- _Task requirements_: Wherever the line with "bids 0 v \<le>" sits in the listing below, transcribe from it up to and including the line with "v) v i\<bar>", exactly, and leave the remaining lines out.

- _Records for this task_:
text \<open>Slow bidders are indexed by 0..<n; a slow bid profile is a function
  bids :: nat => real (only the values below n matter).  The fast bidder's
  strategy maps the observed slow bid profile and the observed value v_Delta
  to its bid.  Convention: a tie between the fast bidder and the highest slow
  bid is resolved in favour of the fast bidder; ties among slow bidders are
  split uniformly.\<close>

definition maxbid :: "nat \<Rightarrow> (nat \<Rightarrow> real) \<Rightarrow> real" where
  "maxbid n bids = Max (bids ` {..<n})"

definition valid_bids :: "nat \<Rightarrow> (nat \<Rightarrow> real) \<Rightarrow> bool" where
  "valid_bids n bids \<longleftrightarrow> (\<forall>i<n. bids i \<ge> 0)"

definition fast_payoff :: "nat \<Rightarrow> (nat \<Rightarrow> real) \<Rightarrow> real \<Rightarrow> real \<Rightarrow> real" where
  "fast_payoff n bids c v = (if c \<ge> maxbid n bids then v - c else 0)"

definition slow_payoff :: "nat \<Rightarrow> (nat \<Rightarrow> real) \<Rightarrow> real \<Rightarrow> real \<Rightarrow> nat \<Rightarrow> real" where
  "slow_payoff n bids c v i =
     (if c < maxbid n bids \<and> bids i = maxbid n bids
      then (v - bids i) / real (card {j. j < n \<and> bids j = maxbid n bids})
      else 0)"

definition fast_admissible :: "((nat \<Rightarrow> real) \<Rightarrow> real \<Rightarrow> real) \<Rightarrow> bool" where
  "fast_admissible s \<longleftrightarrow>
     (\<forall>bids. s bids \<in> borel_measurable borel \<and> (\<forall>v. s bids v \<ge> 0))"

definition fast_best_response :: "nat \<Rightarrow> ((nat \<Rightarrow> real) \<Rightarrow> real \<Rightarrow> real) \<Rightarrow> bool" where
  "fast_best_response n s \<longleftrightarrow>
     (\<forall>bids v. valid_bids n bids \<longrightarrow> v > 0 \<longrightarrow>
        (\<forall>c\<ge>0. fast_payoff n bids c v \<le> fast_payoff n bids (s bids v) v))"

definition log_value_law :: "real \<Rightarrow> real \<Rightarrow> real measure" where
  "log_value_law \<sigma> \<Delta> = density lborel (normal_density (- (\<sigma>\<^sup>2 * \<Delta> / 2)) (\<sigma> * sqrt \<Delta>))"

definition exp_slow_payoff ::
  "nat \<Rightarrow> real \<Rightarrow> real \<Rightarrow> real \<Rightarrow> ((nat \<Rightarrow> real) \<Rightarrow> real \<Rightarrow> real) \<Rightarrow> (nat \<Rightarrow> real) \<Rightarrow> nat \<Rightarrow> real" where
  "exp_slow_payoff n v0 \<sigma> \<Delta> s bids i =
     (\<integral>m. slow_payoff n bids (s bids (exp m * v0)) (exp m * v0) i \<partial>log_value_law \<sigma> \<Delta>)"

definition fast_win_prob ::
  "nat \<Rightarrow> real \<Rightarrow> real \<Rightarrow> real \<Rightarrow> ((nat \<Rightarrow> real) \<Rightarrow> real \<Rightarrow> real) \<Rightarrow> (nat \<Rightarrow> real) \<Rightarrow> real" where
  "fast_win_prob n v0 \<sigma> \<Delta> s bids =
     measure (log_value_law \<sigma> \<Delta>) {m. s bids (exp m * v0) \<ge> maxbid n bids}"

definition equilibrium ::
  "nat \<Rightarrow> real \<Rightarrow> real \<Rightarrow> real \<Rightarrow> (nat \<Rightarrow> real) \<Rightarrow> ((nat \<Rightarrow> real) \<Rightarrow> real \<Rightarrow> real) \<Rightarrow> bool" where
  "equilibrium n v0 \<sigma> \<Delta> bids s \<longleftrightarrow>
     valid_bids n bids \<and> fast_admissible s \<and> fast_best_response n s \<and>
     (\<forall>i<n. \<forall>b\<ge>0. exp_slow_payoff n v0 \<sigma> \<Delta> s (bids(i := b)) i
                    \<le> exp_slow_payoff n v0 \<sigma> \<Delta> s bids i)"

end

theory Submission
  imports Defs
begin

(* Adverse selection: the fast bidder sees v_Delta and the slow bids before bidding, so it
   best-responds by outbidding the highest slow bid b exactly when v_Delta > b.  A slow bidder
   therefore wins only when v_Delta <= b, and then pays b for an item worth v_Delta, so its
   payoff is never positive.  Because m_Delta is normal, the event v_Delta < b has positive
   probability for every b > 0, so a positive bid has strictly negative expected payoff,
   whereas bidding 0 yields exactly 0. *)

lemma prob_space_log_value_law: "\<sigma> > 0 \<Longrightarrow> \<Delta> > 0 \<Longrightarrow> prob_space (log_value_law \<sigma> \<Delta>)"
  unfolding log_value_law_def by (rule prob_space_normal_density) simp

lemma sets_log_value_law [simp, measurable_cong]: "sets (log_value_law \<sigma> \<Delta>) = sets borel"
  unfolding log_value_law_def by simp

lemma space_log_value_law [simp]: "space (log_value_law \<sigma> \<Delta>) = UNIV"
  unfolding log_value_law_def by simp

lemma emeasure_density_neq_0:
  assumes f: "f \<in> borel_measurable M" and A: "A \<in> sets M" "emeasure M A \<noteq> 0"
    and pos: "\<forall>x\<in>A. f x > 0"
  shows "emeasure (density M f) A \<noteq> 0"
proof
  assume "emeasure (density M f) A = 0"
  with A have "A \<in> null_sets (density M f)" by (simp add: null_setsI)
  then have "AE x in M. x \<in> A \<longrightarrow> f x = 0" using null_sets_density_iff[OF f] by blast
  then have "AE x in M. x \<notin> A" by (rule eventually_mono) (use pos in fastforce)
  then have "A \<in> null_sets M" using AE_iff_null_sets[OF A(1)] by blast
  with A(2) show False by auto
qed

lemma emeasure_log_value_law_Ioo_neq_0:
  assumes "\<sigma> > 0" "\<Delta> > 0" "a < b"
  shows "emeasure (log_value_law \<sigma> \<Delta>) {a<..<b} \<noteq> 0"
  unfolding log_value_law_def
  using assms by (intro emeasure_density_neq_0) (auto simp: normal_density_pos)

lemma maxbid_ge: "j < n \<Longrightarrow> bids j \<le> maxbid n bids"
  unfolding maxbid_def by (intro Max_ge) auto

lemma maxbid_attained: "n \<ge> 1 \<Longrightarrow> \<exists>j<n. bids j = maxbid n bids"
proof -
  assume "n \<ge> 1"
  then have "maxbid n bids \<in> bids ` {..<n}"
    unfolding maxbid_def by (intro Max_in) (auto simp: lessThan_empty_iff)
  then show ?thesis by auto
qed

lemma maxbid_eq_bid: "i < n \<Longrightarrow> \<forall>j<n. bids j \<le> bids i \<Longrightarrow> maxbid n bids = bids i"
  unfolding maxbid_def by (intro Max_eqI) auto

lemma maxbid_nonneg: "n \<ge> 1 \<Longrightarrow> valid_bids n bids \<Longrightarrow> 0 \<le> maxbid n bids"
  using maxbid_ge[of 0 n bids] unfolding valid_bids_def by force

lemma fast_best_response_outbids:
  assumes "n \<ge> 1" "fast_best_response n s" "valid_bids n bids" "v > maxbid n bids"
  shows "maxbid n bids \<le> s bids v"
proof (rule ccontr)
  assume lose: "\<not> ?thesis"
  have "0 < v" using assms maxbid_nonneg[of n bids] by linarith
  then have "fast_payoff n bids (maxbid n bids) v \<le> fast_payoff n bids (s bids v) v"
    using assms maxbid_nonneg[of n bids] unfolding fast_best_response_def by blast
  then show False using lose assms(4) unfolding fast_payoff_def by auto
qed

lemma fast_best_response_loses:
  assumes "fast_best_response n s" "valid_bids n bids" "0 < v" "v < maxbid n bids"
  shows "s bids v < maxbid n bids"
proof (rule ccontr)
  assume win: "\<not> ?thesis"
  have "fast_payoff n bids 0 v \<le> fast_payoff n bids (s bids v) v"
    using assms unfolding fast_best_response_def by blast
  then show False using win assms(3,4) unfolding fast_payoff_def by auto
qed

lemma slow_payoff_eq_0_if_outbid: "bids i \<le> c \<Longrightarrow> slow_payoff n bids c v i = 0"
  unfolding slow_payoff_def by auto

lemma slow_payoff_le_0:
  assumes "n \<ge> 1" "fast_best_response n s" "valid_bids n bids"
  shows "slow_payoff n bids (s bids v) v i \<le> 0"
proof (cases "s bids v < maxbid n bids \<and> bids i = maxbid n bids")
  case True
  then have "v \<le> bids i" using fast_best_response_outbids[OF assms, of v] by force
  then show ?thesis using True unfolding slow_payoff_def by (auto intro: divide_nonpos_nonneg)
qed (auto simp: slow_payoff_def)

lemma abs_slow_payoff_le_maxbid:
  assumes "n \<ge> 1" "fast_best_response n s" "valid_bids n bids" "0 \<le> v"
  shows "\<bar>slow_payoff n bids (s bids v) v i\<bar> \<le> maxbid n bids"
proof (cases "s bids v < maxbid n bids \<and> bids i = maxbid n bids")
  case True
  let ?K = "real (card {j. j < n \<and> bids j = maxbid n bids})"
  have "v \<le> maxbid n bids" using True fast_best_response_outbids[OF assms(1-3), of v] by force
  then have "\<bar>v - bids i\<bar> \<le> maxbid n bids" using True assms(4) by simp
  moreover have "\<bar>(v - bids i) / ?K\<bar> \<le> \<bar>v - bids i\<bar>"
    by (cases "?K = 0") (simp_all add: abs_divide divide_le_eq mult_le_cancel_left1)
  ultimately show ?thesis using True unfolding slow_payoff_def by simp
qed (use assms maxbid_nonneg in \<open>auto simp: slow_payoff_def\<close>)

- _Written solution_:
  have "fast_payoff n bids 0 v \<le> fast_payoff n bids (s bids v) v"
    using assms unfolding fast_best_response_def by blast
  then show False using win assms(3,4) unfolding fast_payoff_def by auto
qed

lemma slow_payoff_eq_0_if_outbid: "bids i \<le> c \<Longrightarrow> slow_payoff n bids c v i = 0"
  unfolding slow_payoff_def by auto

lemma slow_payoff_le_0:
  assumes "n \<ge> 1" "fast_best_response n s" "valid_bids n bids"
  shows "slow_payoff n bids (s bids v) v i \<le> 0"
proof (cases "s bids v < maxbid n bids \<and> bids i = maxbid n bids")
  case True
  then have "v \<le> bids i" using fast_best_response_outbids[OF assms, of v] by force
  then show ?thesis using True unfolding slow_payoff_def by (auto intro: divide_nonpos_nonneg)
qed (auto simp: slow_payoff_def)

lemma abs_slow_payoff_le_maxbid:
  assumes "n \<ge> 1" "fast_best_response n s" "valid_bids n bids" "0 \<le> v"
  shows "\<bar>slow_payoff n bids (s bids v) v i\<bar> \<le> maxbid n bids"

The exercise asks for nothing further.